白英杰一瞪眼,“我退休之前手底下管着好几百号人,我用得着一个保姆指手画脚吗?”
白天拧了拧眉毛,顿了两秒才开口。“爸,我们都是为您好。”
“我用不着!你听话我什么都好!”白英杰声如洪钟,边喊边把茶几拍得当当响,“我随随便便就能给你安排个工作!朝九晚五旱涝保收!你不听话非得去房企!天天忙得不回家!现在还被派到外地去了!我跟前光有个保姆有什么用?要不是你不结婚我早就抱孙子了!至于连个说话的人都没有吗?!”
白天一直垂着头默默听着,听完掏出手机给父亲的微信转了五千块钱。“既然我找的保姆不听话,您就再找一个,找个您满意的,钱我出。”
“你这什么意思?!”
白天抬起头跟父亲对视片刻,微微扯动嘴角。“您别生气,是我不听话,让您着急了。”
白英杰愣了愣,跟着挺直腰背要说什么,被白天先开口拦住了。
“爸,我还有一大堆工作,先回去忙了,您歇着吧。”
白天说完起身走到门口,换好鞋开门离开了。
眼可以不见,脑子没法不想。
夜里白天梦得乱七八糟,醒来什么都没记住,只觉得累,累得要命。
周三白天去公司忙了一天,下班回家收拾东西,周四又忙一天,晚上才得空跟钱军碰了一下。
钱军工作也挺忙,单休都不一定保证得了,两个牛马凑在一起吐槽了一晚上资本主义。
喝酒喝到上头钱军惆怅了,说自己31岁了,人生只有工作、工作、工作,太没意思了,等十一过后手头的工作就告一段落了,到时候要休半个月假出去玩。白天想起自己看不见头的特殊任务,心中无奈。
到项目上填坑本来就在白天的本职工作上增加了一份额外的工作,李胜春还给了一份不要脸的特殊任务,简直强人所难。
郑澜生在行业里混迹多年,大概率不会留下有效的证据。
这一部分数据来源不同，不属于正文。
definition H_inf :: "harr tgroupoid" where
  "H_inf = \<lparr> arr = H_arrows,
             mult = (\<lambda>(x,m,y) (y',n,z). (x, m + n, z)),
             ginv = (\<lambda>(x,m,y). (y, - m, x)),
             top = subtopology
                     (topology_generated_by {Zset a b F | a b F. finite F}) H_arrows \<rparr>"

definition cocycle :: "harr \<Rightarrow> int" where
  "cocycle h = fst (snd h)"

definition Ginf :: "'a tgroupoid \<Rightarrow> ('a \<Rightarrow> 'a) \<Rightarrow> (harr \<times> 'a) tgroupoid" where
  "Ginf G \<alpha> = \<lparr> arr = arr H_inf \<times> arr G,
     mult = (\<lambda>(h1,g1) (h2,g2). (mult H_inf h1 h2,
                                mult G g1 (zpow G \<alpha> (- cocycle h1) g2))),
     ginv = (\<lambda>(h,g). (ginv H_inf h, zpow G \<alpha> (cocycle h) (ginv G g))),
     top = prod_topology (top H_inf) (top G) \<rparr>"

end

theory Submission
  imports Defs
begin

text \<open>The orbit of a unit \<open>((y,0,y), v)\<close> of \<open>G\<^sup>\<infinity>\<^sub>\<alpha>\<close> consists of the units
\<open>((p,0,p), u)\<close> with \<open>(p,m,y) \<in> H\<^sub>\<infinity>\<close> and \<open>u \<in> \<alpha>\<^sup>-\<^sup>m([v])\<close>. When \<open>y\<close> is the
vertex, \<open>(p,m,y) \<in> H\<^sub>\<infinity>\<close> forces \<open>m \<ge> 0\<close>, so minimality of \<open>G\<^sup>\<infinity>\<^sub>\<alpha>\<close> makes
\<open>\<Union>\<^sub>n\<^sub>\<le>\<^sub>0 \<alpha>\<^sup>n([v])\<close> dense. Conversely, every neighbourhood of a unit
\<open>((x\<^sub>0,0,x\<^sub>0), u\<^sub>0)\<close> contains all units \<open>((x,0,x), u)\<close> with \<open>u\<close> near \<open>u\<^sub>0\<close> and \<open>x\<close> a
path that follows \<open>x\<^sub>0\<close> for some \<open>N\<close> edges and then takes an edge outside a finite set.
Repeating such an edge \<open>j + 1\<close> times before continuing along \<open>y\<close> gives arrows
\<open>(x, N+1+j, y) \<in> H\<^sub>\<infinity>\<close> for every \<open>j\<close>, so it suffices that \<open>\<Union>\<^sub>n\<^sub>\<le>\<^sub>0 \<alpha>\<^sup>n([v])\<close> meets
every neighbourhood of \<open>\<alpha>\<^sup>N\<^sup>+\<^sup>1(u\<^sub>0)\<close>.\<close>

fun edge_at :: "path \<Rightarrow> nat \<Rightarrow> nat option" where
  "edge_at (Fin l) i = (if i < length l then Some (l ! i) else None)"
| "edge_at (Inf f) i = Some (f i)"

lemma edge_at_cat:
  "edge_at (cat a x) i = (if i < length a then Some (a ! i) else edge_at x (i - length a))"
  by (cases x) (auto simp: nth_append)

lemma first_edge_eq_edge_at: "first_edge x = edge_at x 0"
  by (cases x rule: first_edge.cases) auto

lemma cat_Nil [simp]: "cat [] x = x"
  by (cases x) auto

lemma cat_eq_Fin_Nil: "cat a x = Fin [] \<Longrightarrow> a = []"
  by (cases x) auto

lemma cat_cancel_right:
  assumes "cat a x = cat b x" and "length a = length b"
  shows "a = b"
proof (rule nth_equalityI)
  fix i assume "i < length a"
  then show "a ! i = b ! i"
    using arg_cong[OF assms(1), of "\<lambda>x. edge_at x i"] assms(2) by (simp add: edge_at_cat)
qed fact

lemma cat_if_prefix:
  assumes "\<forall>i<length a. edge_at x i = Some (a ! i)"
  obtains y where "x = cat a y"
proof (cases x)
  case (Fin l)
  have "length a \<le> length l"
  proof (rule ccontr)
    assume "\<not> length a \<le> length l"
    then have "edge_at x (length l) = Some (a ! length l)" using assms by simp
    then show False using Fin by simp
  qed
  then have "take (length a) l = a"
    using assms Fin by (intro nth_equalityI) (auto split: if_splits)
  then have "x = cat a (Fin (drop (length a) l))"
    using Fin by (metis append_take_drop_id cat.simps(1))
  then show thesis by (rule that)
next
  case (Inf f)
  then have "x = cat a (Inf (\<lambda>n. f (n + length a)))"
    using assms by (auto intro!: ext)
  then show thesis by (rule that)
qed

lemma diag_in_H_arrows: "(x, 0, x) \<in> H_arrows"
proof -
  have "(x, 0, x) = (cat [] x, int (length []) - int (length []), cat [] x)" by simp
  then show ?thesis unfolding H_arrows_def by blast
qed

lemma cat_in_H_arrows: "(cat a y, int (length a), y) \<in> H_arrows"
proof -
  have "(cat a y, int (length a), y) = (cat a y, int (length a) - int (length []), cat [] y)" by simp
  then show ?thesis unfolding H_arrows_def by blast
qed

lemma H_arrows_to_vertex_nonneg:
  assumes "(p, m, Fin []) \<in> H_arrows"
  shows "0 \<le> m"
proof -
  obtain x a b where eq: "(p, m, Fin []) = (cat a x, int (length a) - int (length b), cat b x)"
    using assms unfolding H_arrows_def by blast
  then have "b = []" using cat_eq_Fin_Nil[of b x] by simp
  then show ?thesis using eq by simp
qed

section \<open>Neighbourhoods of units in the path groupoid\<close>

definition near_path :: "path \<Rightarrow> nat \<Rightarrow> nat set \<Rightarrow> path \<Rightarrow> bool" where
  "near_path x0 N D x \<longleftrightarrow> (\<forall>i<N. edge_at x i = edge_at x0 i) \<and>
     (\<forall>e\<in>D. edge_at x N = Some e \<longrightarrow> edge_at x0 N = Some e)"

lemma near_path_mono:
  assumes "near_path x0 N' D' x" and "N \<le> N'" and "D \<subseteq> D'"
  shows "near_path x0 N D x"
proof -
  have "edge_at x N = Some e \<longrightarrow> edge_at x0 N = Some e" if "e \<in> D" for e
  proof (cases "N < N'")
    case True
    then show ?thesis using assms(1) by (simp add: near_path_def)
  next
    case False
    then have "N = N'" "e \<in> D'" using assms(2,3) that by auto
    then show ?thesis using assms(1) unfolding near_path_def by blast
  qed
  then show ?thesis using assms(1,2) by (simp add: near_path_def)
qed

lemma near_path_prefix_cat:
  assumes "\<forall>i<N. edge_at x0 i \<noteq> None" and "e \<notin> D"
  shows "near_path x0 N D (cat (map (\<lambda>i. the (edge_at x0 i)) [0..<N] @ e # es) y)"
  using assms unfolding near_path_def by (auto simp: edge_at_cat nth_append)

lemma Zset_diag_nbhd:
  assumes "(x0, 0, x0) \<in> Zset a b F"
  shows "(\<forall>i<length a. edge_at x0 i \<noteq> None) \<and>
         (\<forall>x. near_path x0 (length a) F x \<longrightarrow> (x, 0, x) \<in> Zset a b F)"
proof -
  obtain t where t: "x0 = cat a t" "x0 = cat b t" "0 = int (length a) - int (length b)"
      "\<forall>e\<in>F. first_edge t \<noteq> Some e"
    using assms unfolding Zset_def by blast
  have "a = b"
    using t(3) by (intro cat_cancel_right[of a t b] trans[OF sym, OF t(1,2)]) simp
  have "(x, 0, x) \<in> Zset a b F" if near: "near_path x0 (length a) F x" for x
  proof -
    have "\<forall>i<length a. edge_at x i = Some (a ! i)"
      using near t(1) by (simp add: near_path_def edge_at_cat)
    then obtain y where x: "x = cat a y" by (rule cat_if_prefix)
    have "edge_at x (length a) = first_edge y" "edge_at x0 (length a) = first_edge t"
      using t(1) by (simp_all add: x edge_at_cat first_edge_eq_edge_at)
    then have "\<forall>e\<in>F. first_edge y \<noteq> Some e"
      using near t(4) unfolding near_path_def by metis
    then show ?thesis unfolding Zset_def x \<open>a = b\<close> by force
  qed
  then show ?thesis using t(1) by (simp add: edge_at_cat)
qed

lemma generate_topology_on_diag_nbhd:
  assumes "generate_topology_on {Zset a b F | a b F. finite F} V" and "(x0, 0, x0) \<in> V"
  shows "\<exists>N D. finite D \<and> (\<forall>i<N. edge_at x0 i \<noteq> None) \<and>
           (\<forall>x. near_path x0 N D x \<longrightarrow> (x, 0, x) \<in> V)"
  using assms
proof (induction rule: generate_topology_on.induct)
  case (Int V1 V2)
  from Int.prems have "(x0, 0, x0) \<in> V1" "(x0, 0, x0) \<in> V2" by simp_all
  obtain N1 D1 where "finite D1" "\<forall>i<N1. edge_at x0 i \<noteq> None"
      "\<forall>x. near_path x0 N1 D1 x \<longrightarrow> (x, 0, x) \<in> V1"
    using Int.IH(1) \<open>(x0, 0, x0) \<in> V1\<close> by blast
  moreover obtain N2 D2 where "finite D2" "\<forall>i<N2. edge_at x0 i \<noteq> None"
      "\<forall>x. near_path x0 N2 D2 x \<longrightarrow> (x, 0, x) \<in> V2"
    using Int.IH(2) \<open>(x0, 0, x0) \<in> V2\<close> by blast
  moreover have "near_path x0 N1 D1 x \<and> near_path x0 N2 D2 x"
    if "near_path x0 (max N1 N2) (D1 \<union> D2) x" for x
    using that near_path_mono[of x0 "max N1 N2" "D1 \<union> D2" x] by simp
  moreover have "i < max N1 N2 \<longleftrightarrow> i < N1 \<or> i < N2" for i
    by (rule less_max_iff_disj)
  ultimately have "finite (D1 \<union> D2) \<and> (\<forall>i<max N1 N2. edge_at x0 i \<noteq> None) \<and>
      (\<forall>x. near_path x0 (max N1 N2) (D1 \<union> D2) x \<longrightarrow> (x, 0, x) \<in> V1 \<inter> V2)"
    by blast
  then show ?case by blast
next
  case (UN K)
  then obtain V where "V \<in> K" "(x0, 0, x0) \<in> V" by blast
  then obtain N D where "finite D" "\<forall>i<N. edge_at x0 i \<noteq> None"
      "\<forall>x. near_path x0 N D x \<longrightarrow> (x, 0, x) \<in> V"
    using UN.IH by meson
  then show ?case using \<open>V \<in> K\<close> by blast
next
  case (Basis s)
  then obtain a b F where "s = Zset a b F" "finite F" by blast
  with Basis.prems Zset_diag_nbhd[of x0 a b F] show ?case by blast
qed simp

lemma openin_H_inf_diag_nbhd:
  assumes "openin (top H_inf) A" and "(x0, 0, x0) \<in> A"
  obtains N D where "finite D" "\<forall>i<N. edge_at x0 i \<noteq> None"
    "\<forall>x. near_path x0 N D x \<longrightarrow> (x, 0, x) \<in> A"
proof -
  obtain V where "generate_topology_on {Zset a b F | a b F. finite F} V" "A = V \<inter> H_arrows"
    using assms(1) unfolding H_inf_def
    by (auto simp: openin_subtopology openin_topology_generated_by_iff)
  then show thesis
    using that generate_topology_on_diag_nbhd[of V x0] assms(2) diag_in_H_arrows by blast
qed

lemma topspace_H_inf: "topspace (top H_inf) = H_arrows"
proof -
  have "H_arrows \<subseteq> \<Union>{Zset a b F | a b F. finite F}"
    unfolding H_arrows_def Zset_def by blast
  then show ?thesis unfolding H_inf_def by auto
qed

section \<open>Algebraic automorphisms of groupoids\<close>

definition algebraic_aut :: "'a tgroupoid \<Rightarrow> ('a \<Rightarrow> 'a) \<Rightarrow> bool" where
  "algebraic_aut G \<phi> \<longleftrightarrow> bij_betw \<phi> (arr G) (arr G) \<and>
     (\<forall>g\<in>arr G. \<forall>h\<in>arr G. composable G (\<phi> g) (\<phi> h) \<longleftrightarrow> composable G g h) \<and>
     (\<forall>g h. composable G g h \<longrightarrow> \<phi> (mult G g h) = mult G (\<phi> g) (\<phi> h))"

lemma groupoid_aut_imp_algebraic_aut: "groupoid_aut G \<alpha> \<Longrightarrow> algebraic_aut G \<alpha>"
  unfolding groupoid_aut_def algebraic_aut_def by blast

lemma algebraic_aut_in_arr: "algebraic_aut G \<phi> \<Longrightarrow> g \<in> arr G \<Longrightarrow> \<phi> g \<in> arr G"
  unfolding algebraic_aut_def bij_betw_def by auto

lemma algebraic_aut_composable:
  "algebraic_aut G \<phi> \<Longrightarrow> composable G g h \<Longrightarrow> composable G (\<phi> g) (\<phi> h)"
  unfolding algebraic_aut_def composable_def by auto

lemma algebraic_aut_mult:
  "algebraic_aut G \<phi> \<Longrightarrow> composable G g h \<Longrightarrow> \<phi> (mult G g h) = mult G (\<phi> g) (\<phi> h)"
  unfolding algebraic_aut_def by auto

lemma algebraic_aut_id: "algebraic_aut G id"
  unfolding algebraic_aut_def by auto

lemma algebraic_aut_comp:
  assumes \<phi>: "algebraic_aut G \<phi>" and \<psi>: "algebraic_aut G \<psi>"
  shows "algebraic_aut G (\<phi> \<circ> \<psi>)"
  unfolding algebraic_aut_def
proof (intro conjI ballI allI impI)
  show "bij_betw (\<phi> \<circ> \<psi>) (arr G) (arr G)"
    using \<phi> \<psi> unfolding algebraic_aut_def by (blast intro: bij_betw_trans)
next
  fix g h assume "g \<in> arr G" "h \<in> arr G"
  then show "composable G ((\<phi> \<circ> \<psi>) g) ((\<phi> \<circ> \<psi>) h) \<longleftrightarrow> composable G g h"
    using \<phi> \<psi> algebraic_aut_in_arr[OF \<psi>] unfolding algebraic_aut_def by simp
next
  fix g h assume "composable G g h"
  then show "(\<phi> \<circ> \<psi>) (mult G g h) = mult G ((\<phi> \<circ> \<psi>) g) ((\<phi> \<circ> \<psi>) h)"
    using \<phi> \<psi> by (simp add: algebraic_aut_mult algebraic_aut_composable)
qed

lemma algebraic_aut_funpow: "algebraic_aut G \<phi> \<Longrightarrow> algebraic_aut G (\<phi> ^^ n)"
  by (induction n) (simp_all add: algebraic_aut_id algebraic_aut_comp)

context
  fixes G :: "'a tgroupoid"
  assumes groupoid: "groupoid G"
begin

lemma ginv_in_arr: "g \<in> arr G \<Longrightarrow> ginv G g \<in> arr G"
  and ginv_ginv: "g \<in> arr G \<Longrightarrow> ginv G (ginv G g) = g"
  using groupoid unfolding groupoid_def by auto

lemma composable_ginv_right: "g \<in> arr G \<Longrightarrow> composable G g (ginv G g)"
  and composable_ginv_left: "g \<in> arr G \<Longrightarrow> composable G (ginv G g) g"
  using ginv_in_arr ginv_ginv unfolding composable_def src_def rng_def by auto

lemma mult_in_arr: "composable G g h \<Longrightarrow> mult G g h \<in> arr G"
  using groupoid unfolding groupoid_def by auto

lemma groupoid_assoc:
  "composable G g h \<Longrightarrow> composable G h k \<Longrightarrow>
     composable G (mult G g h) k \<and> composable G g (mult G h k) \<and>
     mult G (mult G g h) k = mult G g (mult G h k)"
  using groupoid unfolding groupoid_def by blast

lemma groupoid_cancel:
  "composable G g h \<Longrightarrow> mult G (ginv G g) (mult G g h) = h \<and> mult G (mult G g h) (ginv G h) = g"
  using groupoid unfolding groupoid_def by blast

lemma rng_in_arr: "g \<in> arr G \<Longrightarrow> rng G g \<in> arr G"
  and src_in_arr: "g \<in> arr G \<Longrightarrow> src G g \<in> arr G"
  unfolding rng_def src_def using mult_in_arr composable_ginv_right composable_ginv_left by auto

lemma units_subset_arr: "units G \<subseteq> arr G"
  unfolding units_def using rng_in_arr by auto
李胜春想抓郑澜生的小辫子还不如去收买工程部的人,找他和施工单位夸大工程量做签证谋利的证据更容易一些。
当时为什么没有拒绝呢?白天想不起来了。似乎在听到李胜春的安排时,他根本没想过拒绝那回事。
大概是潜意识发挥主导作用了,让他远离熟悉的生活,停下来喘口气。
“……半个月,你说我怎么安排路线呢……”
白天回过神,听钱军畅想旅行计划,不禁发出一声叹息。
“怎么的?羡慕啊?”
“羡慕,真的,希望交完房我也能请假旅个游。”
“你那边怎么样?人服管么?”
“还行吧。”
白天忽然想起路应言,端起酒杯喝了一口,喝完一边倒酒一边装作不经意的样子问:“对了,挺长时间没听你提起进明了,他怎么样?”
“老老实实跟着他爸做生意,还谈了个对象,准备明年结婚了。”
“结婚?他不是……”
“大了,收心了。”钱军微笑看着白天,“你什么时候收一收?”
“别提我,我是不打算结婚的。”
“那白叔那边儿怎么办?”
“他不是不知道我喜欢男的,但他认为我只是不听话,用‘不结婚’来反抗他。”
“你打算就这么耗着?”
“我们俩说不过三句话,没法谈,耗着吧,总有一天他得接受现实。”
钱军无奈地长叹了一声。
白天想起那天对父亲的态度心里一阵愧疚,可他自己也委屈,心里空得要命,欲哭无泪,欲语无声。
“算了,别说我了。”白天摇摇头,赶走低落的情绪,“诶,进明前两年那个对象,就闹掰了那个,后来找着人了么?”
钱军摇了摇头。“那小孩儿真把进明给治了。他玩儿了好几年从来没碰过钉子,哪咽得下那口气?”
“他们俩到底为什么事儿掰的?”
钱军手里的酒杯停在嘴边,视线扫过白天的脸。“具体什么事儿我也不知道,大概就是三观不合,总吵架。”钱军说完仰头喝光啤酒,放下杯子抄起酒瓶倒酒,“你问这个干嘛?”
“没什么,就是听说进明要结婚了挺感慨的。你这老大哥还没信儿呢,他抢你前头了。”
“我啊,不想走那个脑子,什么时候遇上缘分再说吧。”
“缘分……你打算上哪遇呢?”
钱军摆摆手,“行了不说这个,喝酒喝酒。”
白天笑着拍拍钱军的肩膀,端起酒杯一仰头干了。
冰镇啤酒穿过喉咙,沿着食道下行到胃里,带来一丝凉意。白天冷静下来,忽然间意识到什么。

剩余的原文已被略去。